Simple Heat Transfer Tutorial¶
This tutorial provides an introduction to running simulations with Serac and demonstrates the setup of a simple steady-state heat transfer problem.
The full source code for this tutorial is available in examples/simple_conduction/without_input_file.cpp
, which demonstrates C++ configuration
of a heat transfer physics module.
The heat transfer modeled in this section is based on the formulation discussed in Heat Transfer.
Setting Up Includes and Initializing¶
The most important parts of Serac are its physics modules, each of which corresponds to a particular discretization
of a partial differential equation (e.g., continuous Galerkin finite element method for heat transfer).
In this example, we are building a heat transfer simulation, so we include Serac's HeatTransfer
module and
thermal material models:
#include "serac/physics/heat_transfer.hpp"
#include "serac/physics/materials/thermal_material.hpp"
The following header provides access to the StateManager class which manages the individual finite element states and the mesh:
#include "serac/physics/state/state_manager.hpp"
Serac also provides a set of setup/teardown functions that encapsulate much of the boilerplate setup required for each simulation, e.g., MPI initialization/finalization and logger setup/teardown, so we include their headers:
#include "serac/infrastructure/initialize.hpp"

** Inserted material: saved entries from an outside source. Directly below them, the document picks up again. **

lemma weighted_digit_sum_profile:
  fixes n1 n2 n5 n9 k :: nat and X :: "nat multiset"
  assumes terms: "base_terms 3 n1 + base_terms 3 n2 + base_terms 3 n5 + base_terms 3 n9
      = image_mset (\<lambda>i. 3 ^ i) (mset_set {i. i \<le> k \<and> i \<noteq> 2}) + X"
    and X: "X = {#2 * 9#} \<or> X = {#9, 9#}"
  shows "\<And>i. i \<le> k \<Longrightarrow> i \<noteq> 2 \<Longrightarrow> weighted_digit_sum n1 n2 n5 n9 i \<in> {1, 2, 5, 9}
      \<and> (weighted_digit_sum n1 n2 n5 n9 i = 5 \<longrightarrow> digit 3 n5 i = 1)
      \<and> (weighted_digit_sum n1 n2 n5 n9 i = 9 \<longrightarrow> digit 3 n9 i = 1)"
    and "\<And>i. k < i \<Longrightarrow> i \<noteq> 2 \<Longrightarrow> weighted_digit_sum n1 n2 n5 n9 i = 0"
    and "weighted_digit_sum n1 n2 n5 n9 2 \<in> {2, 3, 4, 6, 7, 10, 11, 14, 18}"
proof -
  define M where "M = base_terms 3 n1 + base_terms 3 n2 + base_terms 3 n5 + base_terms 3 n9"
  define T where "T = image_mset (\<lambda>i. (3::nat) ^ i) (mset_set {i. i \<le> k \<and> i \<noteq> 2})"
  have ones: "count M (3 ^ i) = of_bool (digit 3 n1 i = 1) + of_bool (digit 3 n2 i = 1)
      + of_bool (digit 3 n5 i = 1) + of_bool (digit 3 n9 i = 1)" for i
    using count_base_terms[of 1 3] by (simp add: M_def)
  have twos: "count M (2 * 3 ^ i) = of_bool (digit 3 n1 i = 2) + of_bool (digit 3 n2 i = 2)
      + of_bool (digit 3 n5 i = 2) + of_bool (digit 3 n9 i = 2)" for i
    using count_base_terms[of 2 3] by (simp add: M_def)
  have T_ones: "count T (3 ^ i) = of_bool (i \<le> k \<and> i \<noteq> 2)" for i
    using count_image_power_mset_set[of _ 1 3] by (simp add: T_def)
  have T_twos: "count T (2 * 3 ^ i) = 0" for i
    using count_image_power_mset_set[of _ 2 3] by (simp add: T_def)
  have "(3::nat) ^ i \<noteq> 2 * 3 ^ 2" "(3::nat) ^ i = 3 ^ 2 \<longleftrightarrow> i = 2"
    "(2::nat) * 3 ^ i \<noteq> 3 ^ 2" "(2::nat) * 3 ^ i = 2 * 3 ^ 2 \<longleftrightarrow> i = 2" for i
    using digit_times_power_eq_iff[of 1 3 2 i 2] digit_times_power_eq_iff[of 1 3 1 i 2]
      digit_times_power_eq_iff[of 2 3 1 i 2] digit_times_power_eq_iff[of 2 3 2 i 2] by simp_all
  then have X_off: "count X (3 ^ i) = 0 \<and> count X (2 * 3 ^ i) = 0" if "i \<noteq> 2" for i
    using X that by auto
  have X_at_2: "count X (3 ^ 2) = 0 \<and> count X (2 * 3 ^ 2) = 1 \<or> count X (3 ^ 2) = 2 \<and> count X (2 * 3 ^ 2) = 0"
    using X by auto
  have digits: "digit 3 n i < 3" for n i
    by (simp add: digit_less)
  have M_eq: "M = T + X"
    using terms by (simp add: M_def T_def)
  show "weighted_digit_sum n1 n2 n5 n9 i \<in> {1, 2, 5, 9}
      \<and> (weighted_digit_sum n1 n2 n5 n9 i = 5 \<longrightarrow> digit 3 n5 i = 1)
      \<and> (weighted_digit_sum n1 n2 n5 n9 i = 9 \<longrightarrow> digit 3 n9 i = 1)" if "i \<le> k" "i \<noteq> 2" for i
  proof -
    have "count M (3 ^ i) = 1" "count M (2 * 3 ^ i) = 0"
      using T_ones[of i] T_twos[of i] X_off[of i] that by (simp_all add: M_eq)
    then have "of_bool (digit 3 n1 i = 1) + of_bool (digit 3 n2 i = 1)
        + of_bool (digit 3 n5 i = 1) + of_bool (digit 3 n9 i = 1) = (1::nat)"
      "of_bool (digit 3 n1 i = 2) + of_bool (digit 3 n2 i = 2)
        + of_bool (digit 3 n5 i = 2) + of_bool (digit 3 n9 i = 2) = (0::nat)"
      using ones[of i] twos[of i] by linarith+
    then show ?thesis
      unfolding weighted_digit_sum_def by (rule weighted_digits_single_one[OF digits digits digits digits])
  qed
  show "weighted_digit_sum n1 n2 n5 n9 i = 0" if "k < i" "i \<noteq> 2" for i
    using digits[of n1 i] digits[of n2 i] digits[of n5 i] digits[of n9 i]
      ones[of i] twos[of i] T_ones[of i] T_twos[of i] X_off[of i] that
    by (auto simp: M_eq weighted_digit_sum_def nat_less_3_iff)
  show "weighted_digit_sum n1 n2 n5 n9 2 \<in> {2, 3, 4, 6, 7, 10, 11, 14, 18}"
    using weighted_digits_double[OF digits digits digits digits ones[of 2, symmetric] twos[of 2, symmetric]]
      T_ones[of 2] T_twos[of 2] X_at_2
    by (simp add: M_eq weighted_digit_sum_def)
qed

#include "serac/infrastructure/terminator.hpp"
Finally, we include the header for Serac's mesh utilities, which includes support for reading meshes from a file and for generating meshes of common solids, like cuboids, rectangles, disks, and cylinders:
#include "serac/mesh/mesh_utils.hpp"
We're now ready to start our main()
function by initializing Serac, which performs the setup described above:
int main(int argc, char* argv[])
{
/*auto [num_procs, rank] = */ serac::initialize(argc, argv);
axom::sidre::DataStore datastore;
serac::StateManager::initialize(datastore, "without_input_file_example");
To simplify saving to an output file and restarting a simulation, Serac stores critical state information, like
the mesh and fields, in a single StateManager
object, which is initialized here.
Warning
Since Serac's initialization helper initializes MPI, you should not call MPI_Init
directly.
Constructing the Mesh¶
In this introductory example, we will use a simple square mesh with 10 quadrilateral elements in each space dimension
for 100 elements total. Once created, the primary mesh must always be registered with the StateManager
:
auto mesh = serac::mesh::refineAndDistribute(serac::buildRectangleMesh(10, 10));
std::string mesh_tag{"mesh"};
serac::StateManager::setMesh(std::move(mesh), mesh_tag);
After constructing the serial mesh, we call refineAndDistribute
to distribute it into a parallel mesh.
Constructing the Physics Module¶
// Create a Heat Transfer class instance with Order 1 and Dimensions of 2
constexpr int order = 1;
constexpr int dim = 2;
serac::HeatTransfer<order, dim> heat_transfer(
serac::heat_transfer::default_nonlinear_options, serac::heat_transfer::default_linear_options,
serac::heat_transfer::default_static_options, "thermal_solver", mesh_tag);
When using the C++ API, the HeatTransfer
constructor requires the polynomial order of the elements and the dimension
of the mesh at compile time, i.e. they are template parameters. We also need to pass the options for solving the nonlinear
system of equations and ordinary differential equations arising from the discretization. In this example, we use the default
static heat transfer options.
Configuring Material Conductivity¶
We define a material model that includes information needed for the constitutive response needed by the physics solver.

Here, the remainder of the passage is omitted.